▸ **AIM OF THE TASK**
Each line of the data below that includes the string "required" must be copied.

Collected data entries
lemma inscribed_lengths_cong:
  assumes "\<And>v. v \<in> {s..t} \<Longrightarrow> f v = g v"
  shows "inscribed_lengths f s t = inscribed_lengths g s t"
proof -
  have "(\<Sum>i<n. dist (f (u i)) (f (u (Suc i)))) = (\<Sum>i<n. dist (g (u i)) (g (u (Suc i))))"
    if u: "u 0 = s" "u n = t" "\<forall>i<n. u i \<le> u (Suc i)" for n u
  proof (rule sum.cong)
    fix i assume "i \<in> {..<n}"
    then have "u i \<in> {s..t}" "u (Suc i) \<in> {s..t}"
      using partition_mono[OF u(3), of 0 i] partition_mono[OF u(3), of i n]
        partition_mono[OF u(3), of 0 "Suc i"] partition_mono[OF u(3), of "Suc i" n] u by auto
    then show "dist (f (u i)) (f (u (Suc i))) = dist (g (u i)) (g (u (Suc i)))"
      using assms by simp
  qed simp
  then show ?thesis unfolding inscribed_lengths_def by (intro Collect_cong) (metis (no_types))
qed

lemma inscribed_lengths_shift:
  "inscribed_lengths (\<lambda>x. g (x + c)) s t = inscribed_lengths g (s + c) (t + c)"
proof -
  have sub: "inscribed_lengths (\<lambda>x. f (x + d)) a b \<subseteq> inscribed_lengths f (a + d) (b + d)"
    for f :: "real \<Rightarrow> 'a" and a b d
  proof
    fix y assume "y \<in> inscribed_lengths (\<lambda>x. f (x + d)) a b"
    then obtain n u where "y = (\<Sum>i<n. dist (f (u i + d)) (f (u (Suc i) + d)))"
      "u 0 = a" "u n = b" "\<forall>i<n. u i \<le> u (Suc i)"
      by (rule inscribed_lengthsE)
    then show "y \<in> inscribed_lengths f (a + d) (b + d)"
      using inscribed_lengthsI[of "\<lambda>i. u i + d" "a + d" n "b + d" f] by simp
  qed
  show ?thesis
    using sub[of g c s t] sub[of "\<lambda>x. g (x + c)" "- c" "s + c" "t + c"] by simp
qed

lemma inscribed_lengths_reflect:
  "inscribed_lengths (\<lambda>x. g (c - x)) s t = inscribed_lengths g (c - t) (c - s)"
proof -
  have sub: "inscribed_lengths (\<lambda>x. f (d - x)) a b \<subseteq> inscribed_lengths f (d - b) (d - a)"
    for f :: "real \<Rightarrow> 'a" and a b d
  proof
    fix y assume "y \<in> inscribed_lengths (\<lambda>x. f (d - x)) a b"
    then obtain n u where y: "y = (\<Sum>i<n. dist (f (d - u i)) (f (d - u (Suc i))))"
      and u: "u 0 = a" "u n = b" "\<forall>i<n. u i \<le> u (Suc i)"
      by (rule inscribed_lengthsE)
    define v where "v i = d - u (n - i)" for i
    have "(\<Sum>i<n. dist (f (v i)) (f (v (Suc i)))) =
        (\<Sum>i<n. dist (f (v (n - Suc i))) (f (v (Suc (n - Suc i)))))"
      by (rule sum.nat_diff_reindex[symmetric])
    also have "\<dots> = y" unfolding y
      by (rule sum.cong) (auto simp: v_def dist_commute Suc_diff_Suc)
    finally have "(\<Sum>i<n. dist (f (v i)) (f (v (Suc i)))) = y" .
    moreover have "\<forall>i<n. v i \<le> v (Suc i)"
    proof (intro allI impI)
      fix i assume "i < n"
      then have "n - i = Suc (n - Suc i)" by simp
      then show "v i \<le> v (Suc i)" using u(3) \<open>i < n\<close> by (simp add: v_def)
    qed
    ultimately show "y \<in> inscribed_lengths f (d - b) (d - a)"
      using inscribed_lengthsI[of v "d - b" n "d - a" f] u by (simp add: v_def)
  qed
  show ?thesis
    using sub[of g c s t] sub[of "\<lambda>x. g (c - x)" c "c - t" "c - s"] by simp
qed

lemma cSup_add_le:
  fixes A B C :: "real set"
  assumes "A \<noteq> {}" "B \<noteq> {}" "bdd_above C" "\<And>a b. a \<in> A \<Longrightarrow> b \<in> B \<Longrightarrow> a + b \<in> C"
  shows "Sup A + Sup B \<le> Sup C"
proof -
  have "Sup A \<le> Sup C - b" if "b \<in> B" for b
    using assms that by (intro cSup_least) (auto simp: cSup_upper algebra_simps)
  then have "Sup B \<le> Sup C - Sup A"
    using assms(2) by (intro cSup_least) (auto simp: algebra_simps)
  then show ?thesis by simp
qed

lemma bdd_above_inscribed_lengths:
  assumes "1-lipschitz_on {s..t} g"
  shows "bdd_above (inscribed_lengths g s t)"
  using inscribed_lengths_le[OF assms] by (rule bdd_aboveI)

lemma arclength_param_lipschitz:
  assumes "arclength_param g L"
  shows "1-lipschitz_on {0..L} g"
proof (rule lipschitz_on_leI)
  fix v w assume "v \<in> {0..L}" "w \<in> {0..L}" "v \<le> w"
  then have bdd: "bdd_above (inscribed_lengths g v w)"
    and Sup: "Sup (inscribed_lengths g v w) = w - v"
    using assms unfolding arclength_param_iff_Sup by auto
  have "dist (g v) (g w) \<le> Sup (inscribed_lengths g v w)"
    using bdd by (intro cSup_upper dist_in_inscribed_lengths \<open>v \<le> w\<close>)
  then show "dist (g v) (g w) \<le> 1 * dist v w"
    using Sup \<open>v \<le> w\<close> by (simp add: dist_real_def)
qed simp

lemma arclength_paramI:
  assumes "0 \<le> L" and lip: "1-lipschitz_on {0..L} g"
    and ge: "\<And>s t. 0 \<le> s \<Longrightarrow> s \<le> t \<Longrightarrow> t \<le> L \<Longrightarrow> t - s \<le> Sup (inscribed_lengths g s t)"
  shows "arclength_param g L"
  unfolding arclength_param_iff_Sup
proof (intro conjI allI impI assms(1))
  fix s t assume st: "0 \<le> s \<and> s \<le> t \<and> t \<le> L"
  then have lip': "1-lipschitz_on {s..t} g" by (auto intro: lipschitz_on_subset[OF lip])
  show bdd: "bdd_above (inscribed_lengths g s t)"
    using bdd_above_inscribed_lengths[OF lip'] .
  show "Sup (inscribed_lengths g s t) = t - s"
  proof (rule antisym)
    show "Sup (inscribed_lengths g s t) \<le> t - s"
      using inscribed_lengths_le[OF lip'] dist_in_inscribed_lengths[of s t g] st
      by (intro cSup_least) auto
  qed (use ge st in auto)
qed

---

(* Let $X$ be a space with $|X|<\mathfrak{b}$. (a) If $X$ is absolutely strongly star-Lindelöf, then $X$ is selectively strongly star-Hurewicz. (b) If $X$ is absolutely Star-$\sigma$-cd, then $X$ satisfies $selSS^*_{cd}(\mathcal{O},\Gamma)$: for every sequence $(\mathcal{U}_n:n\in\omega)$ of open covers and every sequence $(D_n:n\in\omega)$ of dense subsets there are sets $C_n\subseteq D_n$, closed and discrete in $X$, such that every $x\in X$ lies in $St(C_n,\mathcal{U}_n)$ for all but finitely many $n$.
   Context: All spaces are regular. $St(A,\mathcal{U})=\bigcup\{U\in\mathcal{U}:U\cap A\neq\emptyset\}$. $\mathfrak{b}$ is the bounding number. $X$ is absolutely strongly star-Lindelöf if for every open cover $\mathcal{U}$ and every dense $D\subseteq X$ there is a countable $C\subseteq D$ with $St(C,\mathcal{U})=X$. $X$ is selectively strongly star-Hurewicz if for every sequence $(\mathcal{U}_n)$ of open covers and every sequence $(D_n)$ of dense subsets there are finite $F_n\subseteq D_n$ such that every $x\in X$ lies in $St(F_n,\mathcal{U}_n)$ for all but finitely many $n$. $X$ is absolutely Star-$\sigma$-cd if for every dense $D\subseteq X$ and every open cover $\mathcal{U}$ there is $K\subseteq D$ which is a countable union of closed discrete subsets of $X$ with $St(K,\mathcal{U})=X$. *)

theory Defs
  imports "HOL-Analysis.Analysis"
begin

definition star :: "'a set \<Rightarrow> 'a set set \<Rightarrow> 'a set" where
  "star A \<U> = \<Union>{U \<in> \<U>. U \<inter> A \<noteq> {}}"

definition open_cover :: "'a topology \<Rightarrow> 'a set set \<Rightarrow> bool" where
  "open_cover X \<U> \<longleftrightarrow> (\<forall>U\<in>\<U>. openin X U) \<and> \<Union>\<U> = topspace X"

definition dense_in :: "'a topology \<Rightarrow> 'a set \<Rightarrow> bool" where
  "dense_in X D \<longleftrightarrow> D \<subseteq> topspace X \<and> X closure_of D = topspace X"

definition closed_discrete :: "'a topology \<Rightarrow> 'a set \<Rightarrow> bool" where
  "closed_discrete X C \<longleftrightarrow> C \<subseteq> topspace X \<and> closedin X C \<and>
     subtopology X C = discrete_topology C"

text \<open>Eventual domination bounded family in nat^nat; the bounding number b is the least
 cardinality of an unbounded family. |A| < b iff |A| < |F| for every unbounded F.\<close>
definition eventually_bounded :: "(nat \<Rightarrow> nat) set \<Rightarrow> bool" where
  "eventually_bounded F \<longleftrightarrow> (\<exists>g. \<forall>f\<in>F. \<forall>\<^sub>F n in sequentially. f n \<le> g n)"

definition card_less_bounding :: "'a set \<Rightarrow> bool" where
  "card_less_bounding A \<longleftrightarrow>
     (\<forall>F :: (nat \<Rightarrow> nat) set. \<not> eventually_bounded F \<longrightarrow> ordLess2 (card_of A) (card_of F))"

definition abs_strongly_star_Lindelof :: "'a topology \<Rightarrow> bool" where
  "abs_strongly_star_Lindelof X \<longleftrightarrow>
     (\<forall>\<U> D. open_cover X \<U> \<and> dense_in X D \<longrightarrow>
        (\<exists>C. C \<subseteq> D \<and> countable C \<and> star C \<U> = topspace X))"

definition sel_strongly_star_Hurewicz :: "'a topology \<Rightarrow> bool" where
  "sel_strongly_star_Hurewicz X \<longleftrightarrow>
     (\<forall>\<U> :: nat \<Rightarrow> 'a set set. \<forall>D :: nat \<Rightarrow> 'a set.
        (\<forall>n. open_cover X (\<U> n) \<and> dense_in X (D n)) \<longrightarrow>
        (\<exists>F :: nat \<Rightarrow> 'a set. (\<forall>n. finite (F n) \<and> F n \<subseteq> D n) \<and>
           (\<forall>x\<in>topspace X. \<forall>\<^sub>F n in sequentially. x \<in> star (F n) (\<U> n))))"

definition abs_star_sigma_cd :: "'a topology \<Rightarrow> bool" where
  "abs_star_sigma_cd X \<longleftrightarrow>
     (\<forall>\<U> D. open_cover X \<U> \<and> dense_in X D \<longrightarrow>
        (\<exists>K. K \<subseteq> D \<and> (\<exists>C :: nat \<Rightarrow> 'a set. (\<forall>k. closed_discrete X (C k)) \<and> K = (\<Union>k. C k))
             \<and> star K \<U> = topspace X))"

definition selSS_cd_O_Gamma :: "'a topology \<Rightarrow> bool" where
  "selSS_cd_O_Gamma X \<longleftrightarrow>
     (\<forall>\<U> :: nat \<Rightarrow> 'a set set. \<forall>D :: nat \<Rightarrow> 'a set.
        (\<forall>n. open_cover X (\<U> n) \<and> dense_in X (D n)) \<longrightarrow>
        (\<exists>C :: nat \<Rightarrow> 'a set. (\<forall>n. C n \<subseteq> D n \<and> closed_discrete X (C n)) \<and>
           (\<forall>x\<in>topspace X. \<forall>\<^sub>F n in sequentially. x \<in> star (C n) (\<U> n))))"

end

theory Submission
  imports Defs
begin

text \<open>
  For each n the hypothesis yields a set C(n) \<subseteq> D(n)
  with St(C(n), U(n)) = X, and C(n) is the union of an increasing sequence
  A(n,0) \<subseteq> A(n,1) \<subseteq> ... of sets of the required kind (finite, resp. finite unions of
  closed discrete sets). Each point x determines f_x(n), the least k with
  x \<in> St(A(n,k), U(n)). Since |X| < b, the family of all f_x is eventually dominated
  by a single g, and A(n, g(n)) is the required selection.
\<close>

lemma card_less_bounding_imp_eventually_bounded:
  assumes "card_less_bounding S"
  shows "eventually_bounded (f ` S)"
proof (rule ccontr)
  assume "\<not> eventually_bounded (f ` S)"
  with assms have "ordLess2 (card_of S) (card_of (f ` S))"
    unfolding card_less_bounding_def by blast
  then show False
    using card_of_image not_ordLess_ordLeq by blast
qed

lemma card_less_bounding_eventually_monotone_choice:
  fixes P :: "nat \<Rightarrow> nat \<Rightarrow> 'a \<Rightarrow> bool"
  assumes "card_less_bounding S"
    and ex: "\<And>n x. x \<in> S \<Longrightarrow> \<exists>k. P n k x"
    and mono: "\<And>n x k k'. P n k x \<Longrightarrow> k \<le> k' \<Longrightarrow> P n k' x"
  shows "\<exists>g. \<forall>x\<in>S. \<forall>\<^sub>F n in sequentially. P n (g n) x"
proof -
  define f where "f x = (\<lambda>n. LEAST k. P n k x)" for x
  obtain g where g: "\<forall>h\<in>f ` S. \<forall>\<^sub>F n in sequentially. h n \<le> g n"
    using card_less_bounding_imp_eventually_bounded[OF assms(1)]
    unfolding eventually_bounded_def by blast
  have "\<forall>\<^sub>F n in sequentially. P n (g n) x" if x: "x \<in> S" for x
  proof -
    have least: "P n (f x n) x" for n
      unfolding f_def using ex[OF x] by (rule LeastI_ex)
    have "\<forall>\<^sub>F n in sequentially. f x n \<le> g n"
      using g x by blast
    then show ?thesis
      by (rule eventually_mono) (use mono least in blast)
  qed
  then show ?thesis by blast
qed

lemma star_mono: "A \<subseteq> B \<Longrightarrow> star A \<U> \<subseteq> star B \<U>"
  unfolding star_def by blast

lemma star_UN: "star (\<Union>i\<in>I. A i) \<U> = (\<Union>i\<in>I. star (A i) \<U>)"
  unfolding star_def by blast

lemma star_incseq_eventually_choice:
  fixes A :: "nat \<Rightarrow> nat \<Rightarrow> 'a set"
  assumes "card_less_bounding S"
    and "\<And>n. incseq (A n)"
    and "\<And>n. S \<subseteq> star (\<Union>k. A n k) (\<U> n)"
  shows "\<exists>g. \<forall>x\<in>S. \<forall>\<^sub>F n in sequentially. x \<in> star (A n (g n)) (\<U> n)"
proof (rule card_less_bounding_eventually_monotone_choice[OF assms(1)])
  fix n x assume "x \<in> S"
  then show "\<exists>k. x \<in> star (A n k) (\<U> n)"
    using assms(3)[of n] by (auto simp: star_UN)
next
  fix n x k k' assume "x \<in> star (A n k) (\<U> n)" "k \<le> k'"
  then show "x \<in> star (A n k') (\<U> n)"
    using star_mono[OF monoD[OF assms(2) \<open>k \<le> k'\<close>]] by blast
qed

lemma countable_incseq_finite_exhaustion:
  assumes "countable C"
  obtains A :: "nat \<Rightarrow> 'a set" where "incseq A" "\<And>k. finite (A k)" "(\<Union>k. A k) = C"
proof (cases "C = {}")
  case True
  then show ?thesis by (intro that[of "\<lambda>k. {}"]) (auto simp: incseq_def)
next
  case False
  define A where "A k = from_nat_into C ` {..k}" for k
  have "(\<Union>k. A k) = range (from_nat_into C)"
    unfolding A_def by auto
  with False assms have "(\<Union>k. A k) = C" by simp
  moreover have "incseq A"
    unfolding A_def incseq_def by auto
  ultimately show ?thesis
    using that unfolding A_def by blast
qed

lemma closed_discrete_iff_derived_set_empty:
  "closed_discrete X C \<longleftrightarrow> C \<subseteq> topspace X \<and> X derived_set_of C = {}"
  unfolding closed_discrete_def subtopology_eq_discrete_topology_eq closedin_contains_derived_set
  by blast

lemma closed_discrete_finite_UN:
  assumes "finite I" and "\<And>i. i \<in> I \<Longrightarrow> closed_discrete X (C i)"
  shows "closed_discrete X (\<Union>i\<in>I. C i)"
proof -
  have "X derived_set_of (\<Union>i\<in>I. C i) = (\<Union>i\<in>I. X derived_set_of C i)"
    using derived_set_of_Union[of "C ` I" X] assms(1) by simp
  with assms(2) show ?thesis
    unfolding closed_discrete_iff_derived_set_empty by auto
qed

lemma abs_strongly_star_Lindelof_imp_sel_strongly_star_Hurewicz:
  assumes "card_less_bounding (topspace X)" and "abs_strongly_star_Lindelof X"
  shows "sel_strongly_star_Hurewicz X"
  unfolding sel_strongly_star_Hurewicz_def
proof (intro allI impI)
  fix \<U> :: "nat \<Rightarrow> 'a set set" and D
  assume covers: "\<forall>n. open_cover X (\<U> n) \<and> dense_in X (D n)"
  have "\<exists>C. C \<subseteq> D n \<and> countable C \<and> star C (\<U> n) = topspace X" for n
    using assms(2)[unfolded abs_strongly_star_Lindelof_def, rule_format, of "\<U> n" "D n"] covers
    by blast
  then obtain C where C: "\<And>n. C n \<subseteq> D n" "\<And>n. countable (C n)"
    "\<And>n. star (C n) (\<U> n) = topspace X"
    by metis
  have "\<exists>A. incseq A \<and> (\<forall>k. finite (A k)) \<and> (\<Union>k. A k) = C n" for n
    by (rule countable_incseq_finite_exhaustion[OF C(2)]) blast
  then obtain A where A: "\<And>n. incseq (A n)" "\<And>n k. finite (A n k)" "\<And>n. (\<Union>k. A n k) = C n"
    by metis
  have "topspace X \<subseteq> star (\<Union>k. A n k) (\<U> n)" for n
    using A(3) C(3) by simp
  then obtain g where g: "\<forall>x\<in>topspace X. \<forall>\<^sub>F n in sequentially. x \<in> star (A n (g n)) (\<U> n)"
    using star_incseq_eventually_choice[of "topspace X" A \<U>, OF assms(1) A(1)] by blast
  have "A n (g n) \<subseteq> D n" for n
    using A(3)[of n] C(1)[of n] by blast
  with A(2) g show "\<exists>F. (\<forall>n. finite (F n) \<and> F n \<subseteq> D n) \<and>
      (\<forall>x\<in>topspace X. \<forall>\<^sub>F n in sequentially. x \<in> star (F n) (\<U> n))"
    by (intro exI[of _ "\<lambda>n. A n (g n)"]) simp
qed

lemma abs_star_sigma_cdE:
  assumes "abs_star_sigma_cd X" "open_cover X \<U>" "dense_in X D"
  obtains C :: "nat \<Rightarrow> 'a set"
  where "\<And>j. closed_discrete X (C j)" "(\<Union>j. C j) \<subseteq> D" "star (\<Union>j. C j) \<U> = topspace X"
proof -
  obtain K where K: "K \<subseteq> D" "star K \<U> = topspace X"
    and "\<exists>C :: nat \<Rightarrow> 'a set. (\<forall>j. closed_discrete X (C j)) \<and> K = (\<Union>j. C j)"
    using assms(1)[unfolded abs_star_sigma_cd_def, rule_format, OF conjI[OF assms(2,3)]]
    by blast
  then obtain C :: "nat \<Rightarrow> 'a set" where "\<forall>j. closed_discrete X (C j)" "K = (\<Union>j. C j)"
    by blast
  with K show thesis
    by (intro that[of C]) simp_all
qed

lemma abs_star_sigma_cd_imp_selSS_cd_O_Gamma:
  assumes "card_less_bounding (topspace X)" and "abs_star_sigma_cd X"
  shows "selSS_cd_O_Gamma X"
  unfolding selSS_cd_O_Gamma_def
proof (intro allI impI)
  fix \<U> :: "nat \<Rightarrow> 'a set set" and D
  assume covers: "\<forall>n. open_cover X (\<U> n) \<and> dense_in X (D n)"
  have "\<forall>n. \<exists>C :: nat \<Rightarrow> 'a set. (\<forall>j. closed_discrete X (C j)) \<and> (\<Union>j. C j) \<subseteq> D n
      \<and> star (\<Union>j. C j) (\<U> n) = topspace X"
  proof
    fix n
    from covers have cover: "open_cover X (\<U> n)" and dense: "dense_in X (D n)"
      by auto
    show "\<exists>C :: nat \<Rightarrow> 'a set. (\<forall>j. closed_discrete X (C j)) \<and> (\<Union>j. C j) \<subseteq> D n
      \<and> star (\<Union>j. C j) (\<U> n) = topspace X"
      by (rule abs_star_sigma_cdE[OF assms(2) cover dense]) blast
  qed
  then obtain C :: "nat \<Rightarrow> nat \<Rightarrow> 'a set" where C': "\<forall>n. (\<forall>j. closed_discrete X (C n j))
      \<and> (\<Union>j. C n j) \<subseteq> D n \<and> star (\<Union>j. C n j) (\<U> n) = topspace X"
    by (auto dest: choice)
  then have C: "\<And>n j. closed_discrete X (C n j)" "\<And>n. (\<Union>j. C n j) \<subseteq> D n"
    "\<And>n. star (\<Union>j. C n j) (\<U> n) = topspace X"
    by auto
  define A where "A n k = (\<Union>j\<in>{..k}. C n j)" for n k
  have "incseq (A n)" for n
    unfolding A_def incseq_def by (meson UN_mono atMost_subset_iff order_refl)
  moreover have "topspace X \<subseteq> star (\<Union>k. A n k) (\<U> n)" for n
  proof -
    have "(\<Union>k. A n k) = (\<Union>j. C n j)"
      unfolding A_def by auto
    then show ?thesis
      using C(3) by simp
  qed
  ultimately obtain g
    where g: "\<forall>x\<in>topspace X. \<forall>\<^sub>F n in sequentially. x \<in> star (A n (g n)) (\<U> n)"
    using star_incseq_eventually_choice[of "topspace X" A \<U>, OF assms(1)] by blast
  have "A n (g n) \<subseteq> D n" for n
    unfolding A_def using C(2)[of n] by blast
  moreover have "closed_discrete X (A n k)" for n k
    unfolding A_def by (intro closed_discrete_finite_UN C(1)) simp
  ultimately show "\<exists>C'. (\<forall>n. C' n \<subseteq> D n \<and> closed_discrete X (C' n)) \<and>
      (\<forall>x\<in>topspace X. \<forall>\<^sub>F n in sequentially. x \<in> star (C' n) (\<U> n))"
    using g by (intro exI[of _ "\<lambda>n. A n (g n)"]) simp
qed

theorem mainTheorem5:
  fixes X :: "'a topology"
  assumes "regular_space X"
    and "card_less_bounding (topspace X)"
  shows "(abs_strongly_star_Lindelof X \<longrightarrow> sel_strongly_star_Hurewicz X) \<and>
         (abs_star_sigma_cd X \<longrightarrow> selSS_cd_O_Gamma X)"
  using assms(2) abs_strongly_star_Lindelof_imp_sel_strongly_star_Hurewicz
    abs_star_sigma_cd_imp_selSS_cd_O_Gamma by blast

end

▸ **ANSWER FOR THIS EXERCISE**
  A(n,0) \<subseteq> A(n,1) \<subseteq> ... of sets of the required kind (finite, resp. finite unions of
  by a single g, and A(n, g(n)) is the required selection.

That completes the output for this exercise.